»»

definition gram_eigenvalues :: "real^'n^'m \<Rightarrow> real set" where
  "gram_eigenvalues C = {l. \<exists>v. v \<noteq> 0 \<and> (transpose C ** C) *v v = l *\<^sub>R v}"

lemma singular_values_eq_sqrt_gram_eigenvalues:
  "singular_values C = sqrt ` gram_eigenvalues C"
  by (simp add: singular_values_def gram_eigenvalues_def)

lemma gram_eigenvalue_nonneg:
  assumes "l \<in> gram_eigenvalues C"
  shows "0 \<le> l"
proof -
  obtain v where v: "v \<noteq> 0" "(transpose C ** C) *v v = l *\<^sub>R v"
    using assms by (auto simp: gram_eigenvalues_def)
  then have "l * inner v v = inner ((transpose C ** C) *v v) v"
    by simp
  also have "\<dots> = inner (C *v v) (C *v v)"
    by (rule inner_gram_matrix)
  finally have "0 \<le> l * inner v v" by simp
  moreover have "0 < inner v v" using v(1) by simp
  ultimately show ?thesis by (simp add: zero_le_mult_iff)
qed

lemma gram_eigenvectors_orthogonal:
  fixes C :: "real^'n^'m"
  assumes "(transpose C ** C) *v v = l *\<^sub>R v" "(transpose C ** C) *v w = k *\<^sub>R w" "l \<noteq> k"
  shows "orthogonal v w"
proof -
  have "l * inner v w = inner ((transpose C ** C) *v v) w"
    using assms(1) by simp
  also have "\<dots> = inner (C *v v) (C *v w)"
    by (rule inner_gram_matrix)
  also have "\<dots> = inner (C *v w) (C *v v)"
    by (rule inner_commute)
  also have "\<dots> = inner ((transpose C ** C) *v w) v"
    by (rule inner_gram_matrix[symmetric])
  also have "\<dots> = k * inner v w"
    using assms(2) by (simp add: inner_commute)
  finally show ?thesis using assms(3) by (simp add: orthogonal_def)
qed

lemma finite_gram_eigenvalues: "finite (gram_eigenvalues C)"
proof -
  let ?G = "gram_eigenvalues C"
  define vec where "vec l = (SOME v. v \<noteq> 0 \<and> (transpose C ** C) *v v = l *\<^sub>R v)" for l
  have vec: "vec l \<noteq> 0 \<and> (transpose C ** C) *v vec l = l *\<^sub>R vec l" if "l \<in> ?G" for l
  proof -
    have "\<exists>v. v \<noteq> 0 \<and> (transpose C ** C) *v v = l *\<^sub>R v"
      using that by (simp add: gram_eigenvalues_def)
    then show ?thesis unfolding vec_def by (rule someI_ex)
  qed
  have inj: "inj_on vec ?G"
  proof (rule inj_onI)
    fix l k assume lk: "l \<in> ?G" "k \<in> ?G" "vec l = vec k"
    have "l *\<^sub>R vec l = (transpose C ** C) *v vec l" using vec[OF lk(1)] by simp
    also have "\<dots> = k *\<^sub>R vec l" using vec[OF lk(2)] lk(3) by simp
    finally show "l = k" using vec[OF lk(1)] by simp
  qed
  have "pairwise orthogonal (vec ` ?G)"
  proof (rule pairwiseI)
    fix u v assume "u \<in> vec ` ?G" "v \<in> vec ` ?G" "u \<noteq> v"
    then obtain l k where lk: "l \<in> ?G" "k \<in> ?G" "u = vec l" "v = vec k" "l \<noteq> k"
      by blast
    show "orthogonal u v"
      unfolding lk(3,4) using vec[OF lk(1)] vec[OF lk(2)] lk(5)
      by (simp add: gram_eigenvectors_orthogonal[of C "vec l" l "vec k" k])
  qed
  moreover have "0 \<notin> vec ` ?G" using vec by auto
  ultimately have "independent (vec ` ?G)"
    using pairwise_orthogonal_independent by blast
  then have "finite (vec ` ?G)"
    using independent_bound by blast
  with inj show ?thesis
    using finite_imageD by blast
qed

lemma finite_singular_values: "finite (singular_values C)"
  by (simp add: singular_values_eq_sqrt_gram_eigenvalues finite_gram_eigenvalues)

lemma sqrt_gram_eigenvalue_le_sigma_max:
  assumes "l \<in> gram_eigenvalues C"
  shows "sqrt l \<le> sigma_max C"
  unfolding sigma_max_def
  by (rule Max_ge[OF finite_singular_values])
    (simp add: singular_values_eq_sqrt_gram_eigenvalues assms)

lemma sigma_min_nz_sq_le_gram_eigenvalue:
  assumes "l \<in> gram_eigenvalues C" "0 < l"
  shows "(sigma_min_nz C)^2 \<le> l"
proof -
  have fin: "finite (singular_values C - {0})"
    using finite_singular_values by blast
  have mem: "sqrt l \<in> singular_values C - {0}"
    using assms by (simp add: singular_values_eq_sqrt_gram_eigenvalues)
  have "sigma_min_nz C \<in> singular_values C - {0}"
    unfolding sigma_min_nz_def using Min_in[OF fin] mem by blast
  then obtain k where "k \<in> gram_eigenvalues C" "sigma_min_nz C = sqrt k"
    by (auto simp: singular_values_eq_sqrt_gram_eigenvalues)
  then have "0 \<le> sigma_min_nz C"
    using gram_eigenvalue_nonneg by simp
  moreover have "sigma_min_nz C \<le> sqrt l"
    unfolding sigma_min_nz_def using fin mem by (rule Min_le)
  ultimately have "(sigma_min_nz C)^2 \<le> (sqrt l)^2"
    by (simp add: power_mono)
  with assms(2) show ?thesis by simp
qed

lemma max_gram_eigenvalue_exists:
  fixes C :: "real^'n^'m"
  shows "\<exists>l\<in>gram_eigenvalues C. \<forall>x. (norm (C *v x))^2 \<le> l * (norm x)^2"
proof -
  obtain w where w: "norm w = 1" and max: "\<And>x. (norm (C *v x))^2 \<le> (norm (C *v w))^2 * (norm x)^2"
    using rayleigh_max_attained[OF subspace_UNIV, of "axis undefined 1" C] by auto
  have "(transpose C ** C) *v w = (norm (C *v w))^2 *\<^sub>R w"
  proof (rule rayleigh_extremum_eigenvector[where W = UNIV and s = "-1"])
    show "0 \<le> -1 * ((norm (C *v x))^2 - (norm (C *v w))^2 * (norm x)^2)" for x
      using max[of x] by simp
  qed (simp_all add: w)
  moreover have "w \<noteq> 0" using w by auto
  ultimately have "(norm (C *v w))^2 \<in> gram_eigenvalues C"
    unfolding gram_eigenvalues_def by blast
  with max show ?thesis by blast
qed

««

- **Exercise brief**
Give back exactly the lines above, from the line containing "using independent_bound by blast" through the line containing "unfolding gram_eigenvalues_def by blast", with both end lines and nothing more.

- **Answer to the exercise**
    using independent_bound by blast
  with inj show ?thesis
    using finite_imageD by blast
qed

lemma finite_singular_values: "finite (singular_values C)"
  by (simp add: singular_values_eq_sqrt_gram_eigenvalues finite_gram_eigenvalues)

lemma sqrt_gram_eigenvalue_le_sigma_max:
  assumes "l \<in> gram_eigenvalues C"
  shows "sqrt l \<le> sigma_max C"
  unfolding sigma_max_def
  by (rule Max_ge[OF finite_singular_values])
    (simp add: singular_values_eq_sqrt_gram_eigenvalues assms)

lemma sigma_min_nz_sq_le_gram_eigenvalue:
  assumes "l \<in> gram_eigenvalues C" "0 < l"
  shows "(sigma_min_nz C)^2 \<le> l"
proof -
  have fin: "finite (singular_values C - {0})"
    using finite_singular_values by blast
  have mem: "sqrt l \<in> singular_values C - {0}"
    using assms by (simp add: singular_values_eq_sqrt_gram_eigenvalues)
  have "sigma_min_nz C \<in> singular_values C - {0}"
    unfolding sigma_min_nz_def using Min_in[OF fin] mem by blast
  then obtain k where "k \<in> gram_eigenvalues C" "sigma_min_nz C = sqrt k"
    by (auto simp: singular_values_eq_sqrt_gram_eigenvalues)
  then have "0 \<le> sigma_min_nz C"
    using gram_eigenvalue_nonneg by simp
  moreover have "sigma_min_nz C \<le> sqrt l"
    unfolding sigma_min_nz_def using fin mem by (rule Min_le)
  ultimately have "(sigma_min_nz C)^2 \<le> (sqrt l)^2"
    by (simp add: power_mono)
  with assms(2) show ?thesis by simp
qed

lemma max_gram_eigenvalue_exists:
  fixes C :: "real^'n^'m"
  shows "\<exists>l\<in>gram_eigenvalues C. \<forall>x. (norm (C *v x))^2 \<le> l * (norm x)^2"
proof -
  obtain w where w: "norm w = 1" and max: "\<And>x. (norm (C *v x))^2 \<le> (norm (C *v w))^2 * (norm x)^2"
    using rayleigh_max_attained[OF subspace_UNIV, of "axis undefined 1" C] by auto
  have "(transpose C ** C) *v w = (norm (C *v w))^2 *\<^sub>R w"
  proof (rule rayleigh_extremum_eigenvector[where W = UNIV and s = "-1"])
    show "0 \<le> -1 * ((norm (C *v x))^2 - (norm (C *v w))^2 * (norm x)^2)" for x
      using max[of x] by simp
  qed (simp_all add: w)
  moreover have "w \<noteq> 0" using w by auto
  ultimately have "(norm (C *v w))^2 \<in> gram_eigenvalues C"
    unfolding gram_eigenvalues_def by blast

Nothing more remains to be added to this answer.